[Prev][Next][Index]
CS Prelim Announcement
- From: sri@news.cs.duke.edu (Srikanth T. Srinivasan)
- Newsgroups: duke.cs.os-research
- Subject: CS Prelim Announcement
- Date: 17 Mar 1999 20:18:49 GMT
- Organization: Duke University Department of Computer Science, Durham, NC
- Xref: news.duke.edu duke.cs.os-research:261
DUKE UNIVERSITY
COMPUTER SCIENCE DEPARTMENT
Ph.D. PRELIMINARY EXAMINATION
Load Latency Tolerance in Dynamically Scheduled Processors
Srikanth T. Srinivasan
Advisor: Dr. Alvin R. Lebeck
Levine Science Research Center, D344
Friday, April 2, 1999
1:00 p.m.
The performance gap between processors and memory systems is growing, yet
current caches tend to be naive.
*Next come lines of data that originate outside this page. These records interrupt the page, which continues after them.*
lemma scaled_cong_poly_mu_iff:
  assumes p: "p > 1" and g: "g \<in> Zp_tuples p {..<m}" and h: "h \<in> Zp_tuples p {..d}" and r: "m \<le> r"
  shows "scaled_cong p r (m + d) (poly_mu p m (m + d) (g, h)) \<longleftrightarrow> scaled_cong p (r - m) d h"
proof -
  let ?q = "int p"
  define L where "L = m + d + 1"
  define \<alpha> where "\<alpha> = (\<lambda>a. g a L)"
  define \<beta> where "\<beta> = (\<lambda>b. h b L)"
  define s where "s = r - m"
  have rs: "r = m + s" using r by (simp add: s_def)
  have q0: "?q \<noteq> 0" using p by simp
  let ?F = "poly_mu p m (m + d) (g, h)"
  have FOm: "?F \<in> Zp_tuples p {..m + d}" by (rule poly_mu_in_Zp_tuples[OF g h p])
  have lhs: "(?q ^ r * ?F j (j + 1)) mod ?q ^ (j + 1) = (?q ^ (m + s) * coeff (monic_poly m \<alpha> * trunc_poly d \<beta>) j) mod ?q ^ (j + 1)"
    if j: "j \<le> m + d" for j
  proof -
    have Fz: "?F j \<in> Zp p" using FOm j by (auto simp: Zp_tuples_def)
    have "(?q ^ r * ?F j (j + 1)) mod ?q ^ (j + 1) = (?q ^ r * ?F j L) mod ?q ^ (j + 1)"
      using j by (intro mult_residue_mod_level[OF Fz]) (simp add: L_def)
    also have "\<dots> = (?q ^ r * (coeff (monic_poly m \<alpha> * trunc_poly d \<beta>) j mod ?q ^ L)) mod ?q ^ (j + 1)"
      using poly_mu_coeff[OF j, of p g h L] by (simp add: \<alpha>_def \<beta>_def)
    also have "\<dots> = (?q ^ r * coeff (monic_poly m \<alpha> * trunc_poly d \<beta>) j) mod ?q ^ (j + 1)"
    proof -
      have dv: "?q ^ (j + 1) dvd ?q ^ L" using j by (intro le_imp_power_dvd) (simp add: L_def)
      show ?thesis
        by (metis mod_mult_right_eq mod_mod_cancel[OF dv])
    qed
    finally show ?thesis by (simp add: rs)
  qed
  have rhs: "(?q ^ s * h b (b + 1)) mod ?q ^ (b + 1) = (?q ^ s * \<beta> b) mod ?q ^ (b + 1)"
    if b: "b \<le> d" for b
  proof -
    have hz: "h b \<in> Zp p" using h b by (auto simp: Zp_tuples_def)
    show ?thesis unfolding \<beta>_def by (rule mult_residue_mod_level[OF hz]) (use b in \<open>simp add: L_def\<close>)
  qed
  have "scaled_cong p r (m + d) ?F \<longleftrightarrow>
      (\<forall>j\<le>m + d. scaled_coeff_cong ?q (m + s) (m + d) (coeff (monic_poly m \<alpha> * trunc_poly d \<beta>)) j)"
    unfolding scaled_cong_def scaled_coeff_cong_def using lhs by simp
  also have "\<dots> \<longleftrightarrow> (\<forall>b\<le>d. scaled_coeff_cong ?q s d \<beta> b)" by (rule scaled_coeff_cong_product_iff[OF q0])
  also have "\<dots> \<longleftrightarrow> scaled_cong p (r - m) d h"
    unfolding scaled_cong_def scaled_coeff_cong_def s_def[symmetric] using rhs by simp
  finally show ?thesis .
qed

lemma scaled_cond_poly_mu_iff:
  assumes p: "p > 1" and g: "g \<in> Zp_tuples p {..<m}" and h: "h \<in> P1 p d" and r: "m \<le> r"
  shows "scaled_cond p r (m + d) (poly_mu p m (m + d) (g, h)) \<longleftrightarrow> scaled_cond p (r - m) d h"
proof -
  have hZ: "h \<in> Zp_tuples p {..d}" using h P1_subset by auto
  have fZ: "poly_mu p m (m + d) (g, h) \<in> Zp_tuples p {..m + d}" by (rule poly_mu_in_Zp_tuples[OF g hZ p])
  have "scaled_cond p r (m + d) (poly_mu p m (m + d) (g, h)) \<longleftrightarrow> scaled_cong p r (m + d) (poly_mu p m (m + d) (g, h))"
    by (rule scaled_cond_iff_scaled_cong[OF p]) (use fZ in \<open>auto simp: Zp_tuples_def\<close>)
  also have "\<dots> \<longleftrightarrow> scaled_cong p (r - m) d h" by (rule scaled_cong_poly_mu_iff[OF p g hZ r])
  also have "\<dots> \<longleftrightarrow> scaled_cond p (r - m) d h"
    by (rule scaled_cond_iff_scaled_cong[OF p, symmetric]) (use hZ in \<open>auto simp: Zp_tuples_def\<close>)
  finally show ?thesis .
qed

theorem lemma2p9:
  fixes p m n :: nat
  assumes "prime p" and "m \<le> n"
  shows "mp_bij (monic_polys p m \<Otimes>\<^sub>M restrict_space (poly_le p (n - m)) (P1 p (n - m)))
                (restrict_space (poly_le p n) (Bmn p m n))
                (poly_mu p m n)
       \<and> (\<forall>r::nat. m \<le> r \<and> r \<le> n \<longrightarrow>
            mp_bij (monic_polys p m \<Otimes>\<^sub>M
                      restrict_space (poly_le p (n - m)) {h \<in> P1 p (n - m). scaled_cond p (r - m) (n - m) h})
                   (restrict_space (poly_le p n) {f \<in> Bmn p m n. scaled_cond p r n f})
                   (poly_mu p m n))"
proof -
  have p: "p > 1" using assms(1) by (rule prime_gt_1_nat)
  obtain d where n: "n = m + d" using assms(2) le_Suc_ex by blast
  have "poly_mu_restriction p m d 1 (P1 p d) (Bmn p m (m + d))"
    by unfold_locales (use p level_determined_P1 level_determined_Bmn poly_mu_in_Bmn in auto)
  moreover have "poly_mu_restriction p m d (m + d + 1)
      {h \<in> P1 p d. scaled_cond p (r - m) d h} {f \<in> Bmn p m (m + d). scaled_cond p r (m + d) f}"
    if "m \<le> r" for r
    by unfold_locales
      (use that p level_determined_conj[OF level_determined_P1 level_determined_scaled_cond[OF p]]
         level_determined_conj[OF level_determined_Bmn level_determined_scaled_cond[OF p]]
         poly_mu_in_Bmn[OF p] scaled_cond_poly_mu_iff[OF p] in auto)
  ultimately show ?thesis unfolding n by (auto intro: poly_mu_restriction.mp_bij_poly_mu)
qed

end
Understanding the interaction of the memory
system with the user program, the processor and the compiler, can lead to
better solutions to bridge this gap. In my work, I explore one such
characteristic, load latency tolerance.
Limitations of dynamically scheduled processors due to data dependencies,
finite resources and branch mispredictions cause a variation in the latency
tolerance of loads. My first contribution is to present a method to quantify
this variation. My results show that depending on benchmark and processor
configuration, between 21% and 68% of the loads need to complete in one
cycle, whereas between 2% and 28% of loads can wait for at least 8 cycles
and still achieve IPCs (committed Instructions Per cycle) within 8% of an
ideal memory system (where all loads complete in one cycle). Traditional
memory systems fail to do a good job in capturing this variation. The
potential increase in performance that can be obtained by incorporating
latency tolerance consciousness into traditional memory systems ranges
between 14% and 71% across benchmarks.
The second contribution of my work is to increase processor performance by
exploiting load latency tolerance information. I investigate the use of two
schemes, priority scheduling and selective caching, for this purpose. Both
schemes differentiate between loads and give priority to critical loads when
they compete for resources with non-critical loads as well as other
instructions. The goal of priority scheduling is to enable critical loads to
complete early by minimizing the delays incurred by them in the various
queues. Scheduling critical loads earlier in the ready queue, MSHRs, and
the data port queue produces up to a 13% increase in IPC. Selective caching
involves changing the replacement policy in the L1 cache to make critical
loads stay closest to the processor and thereby make caches conform to the
processors' load latency requirements. This is accomplished by denying
non-critical loads entry into the L1 cache when it attempts to displace
critical data out of the L1 cache. Such non-critical data are allowed to
bypass the L1 cache with benefits of a shorter latency as well as reduced
occupancy on the L2 bus.
I consider three approaches for gathering load latency tolerance information,
profiling, static compiler analysis, and a dynamic hardware mechanism. My
profiling scheme requires the use of a complex simulator with capabilities
for rolling back the state of the processor and is used only as a
proof-of-concept approach. Compile time analysis suffers from a lack of
branch prediction information. I plan to explore several alternatives to
overcome this limitation. My hardware scheme models the latency tolerance
of a load as a function of dependencies and processor utilization and uses
tables, registers, and associated logic for dynamically keeping track of the
parameters. A cost-benefit analysis of these 3 approaches needs to be done.